If there’s one universally-known fact about roommates, it’s that you can only have so much control and influence over their behavior. (Kinda like cats.)
Sure, you can ask them to chip in for groceries or keep it down after midnight, but they’re ultimately going to do whatever they choose to do.
Unfortunately, that can include announcing that they’re moving out of the apartment before the lease is up.
Whether your roommate has gotten a job in another town or whether they’ve just decided they want a change of scenery, their sudden announcement puts you in a tough spot.
Here’s how to deal with the change in a way that will avoid as much drama and inconvenience as possible:
Find a Replacement
First things first: You’re about to have an empty room and one less person paying the rent, so it’s time to find a new roommate, stat. You’ve got a few options when it comes to replacing your roommate, but here are the top things to keep in mind:
Moving in with Strangers?
While the Internet is a quick-and-easy way to cast a wide net on potential roommates in your area, be careful. Anyone you find there should be thoroughly vetted, as the weirdo:to:normal-person ratio can be high.
When you place an ad online, announcing that you’re searching for a roommate, be specific both in terms of describing your place and in terms of laying out what you’re looking for in a roommate.
If your place is non-smoking, state that. If you’re a homebody and don’t want to deal with someone who’ll have friends over all the time, make it known.
The best way to avoid another roommate-replacement scenario is to make sure your new roomie will be a good fit. And the best way to ensure that upfront is by being overly-specific about your preferred lifestyle and tastes.
Don’t Overlook Facebook.
Facebook is equally quick-and-easy, but with the added benefit of knowing that anyone you find through it will already be vetted by a friend or acquaintance.
Put up some posts—or even send directed messages to certain people—stating that you’re looking for a roommate and asking if anyone knows of someone who might be interested. You could find some people you never would have met otherwise, and since they’re referred by someone you know, chances are they won’t be a weirdo. (Or, if they are, they’ll be the kind of weirdo you can get along with!)
Your roommate may be eager to replace herself with the first warm body to say “yes,” but you’re the one who’s going to be forced to live with this person for who-knows-how-long.
If your roommate’s moving date is fixed (i.e., she’s got a job offer to accept in another town), help her search for a replacement. This isn’t (just) benevolence on your part. You’re participating in the search in order to double your chances of landing on a good replacement in time.
If she just wants out, let her know she’s welcome to leave as soon as you’ve found a suitable replacement. You shouldn’t be stuck choosing between someone you’ll hate or paying extra rent just because your roommate’s changed her mind.
Dealing with the Security Deposit
You both contributed to the security deposit when you moved in, so what do you do now?
Theoretically, Replacement Roommate could tender a security deposit to Original Roommate.
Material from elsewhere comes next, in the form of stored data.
definition connected_on :: "('a \<Rightarrow> 'a \<Rightarrow> bool) \<Rightarrow> 'a set \<Rightarrow> bool" where
  "connected_on E X \<longleftrightarrow> X \<noteq> {} \<and>
     (\<forall>x\<in>X. \<forall>y\<in>X. (\<lambda>a b. a \<in> X \<and> b \<in> X \<and> E a b)\<^sup>*\<^sup>* x y)"

definition conn_sets :: "'a set \<Rightarrow> ('a \<Rightarrow> 'a \<Rightarrow> bool) \<Rightarrow> nat \<Rightarrow> 'a set set" where
  "conn_sets V E k = {X. X \<subseteq> V \<and> card X = k \<and> connected_on E X}"

definition nbhd :: "'a set \<Rightarrow> ('a \<Rightarrow> 'a \<Rightarrow> bool) \<Rightarrow> nat \<Rightarrow> 'a set \<Rightarrow> 'a set set" where
  "nbhd V E k X = {X' \<in> conn_sets V E k. card (X \<inter> X') = k - 1}"

text \<open>State: (discovery order so far,
  stack of active vertices, top first).\<close>
inductive dfs_step :: "('a \<Rightarrow> 'a \<Rightarrow> bool) \<Rightarrow> 'a list \<times> 'a list \<Rightarrow> 'a list \<times> 'a list \<Rightarrow> bool"
  for E where
  push: "E u w \<Longrightarrow> w \<notin> set ord \<Longrightarrow> dfs_step E (ord, u # st) (ord @ [w], w # u # st)"
| pop: "(\<forall>w. E u w \<longrightarrow> w \<in> set ord) \<Longrightarrow> dfs_step E (ord, u # st) (ord, st)"

definition dfs_order :: "'a set \<Rightarrow> ('a \<Rightarrow> 'a \<Rightarrow> bool) \<Rightarrow> 'a list \<Rightarrow> bool" where
  "dfs_order V E ord \<longleftrightarrow> (\<exists>r\<in>V. (dfs_step E)\<^sup>*\<^sup>* ([r], [r]) (ord, []))"

definition pos :: "'a list \<Rightarrow> 'a \<Rightarrow> nat" where
  "pos ord x = (LEAST i. i < length ord \<and> ord ! i = x)"

definition lex_less :: "'a list \<Rightarrow> 'a set \<Rightarrow> 'a set \<Rightarrow> bool" where
  "lex_less ord A B \<longleftrightarrow> A \<noteq> B \<and>
     (\<exists>x \<in> A - B. \<forall>y \<in> (A - B) \<union> (B - A). pos ord x \<le> pos ord y)"

definition lex_le :: "'a list \<Rightarrow> 'a set \<Rightarrow> 'a set \<Rightarrow> bool" where
  "lex_le ord A B \<longleftrightarrow> lex_less ord A B \<or> A = B"

end

theory Submission
  imports Defs
begin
But that could result in trouble down the road.
So instead, it’s best to be upfront with your landlord. He may decide to return Original Roommate’s security deposit and accept a new deposit from Replacement Roommate, or he may decide to go another route, but ultimately, it’s his call. Go by whatever he decides.
If your roommate caused any damage, you don’t want that to come out of your deposit, so have a talk with your landlord to learn how much it would cost to repair that damage.
Your roommate can either give that amount straight to the landlord, or she give it to you if the landlord doesn’t plan on repairing the damage till everyone’s moved out. Either way, again, leave the decision up to your landlord.
Dividing Up Belongings
As with any relationship, when things end, you’ll need to divvy up “common” possessions. Anything you bought together—be it pots and pans, a couch, or a TV—will now need to be divided up between the two of you. This can get tricky, especially if your roommate isn’t departing on the best of terms, so maintain certain ground rules:
If you each paid in full for certain items, the decisions are fairly simple—you get to keep whatever you paid for, unless one of you decides to “buy out” the other.
Let’s say your roommate purchased the couch initially, but they don’t want to haul it to the new city they’re moving to. You opt to give them $X to keep it in the apartment for yourself.
If you split the cost on some items, you’ll need to do some negotiating. Maybe you get the couch if your roommate gets to keep an equivalent amount of stuff, like a couple of armchairs.
The important thing is that, however you split things, no one’s left feeling cheated at the end of the division process. Start the negotiation process early, and cite original purchase prices for items whenever possible.
Forgot to keep track of who paid for what? Whoopsie! The best you can do in this case is negotiate in good faith. Time to put on your big girl (or boy) pants and be willing to compromise as needed. And be sure to keep better track with your new roommate!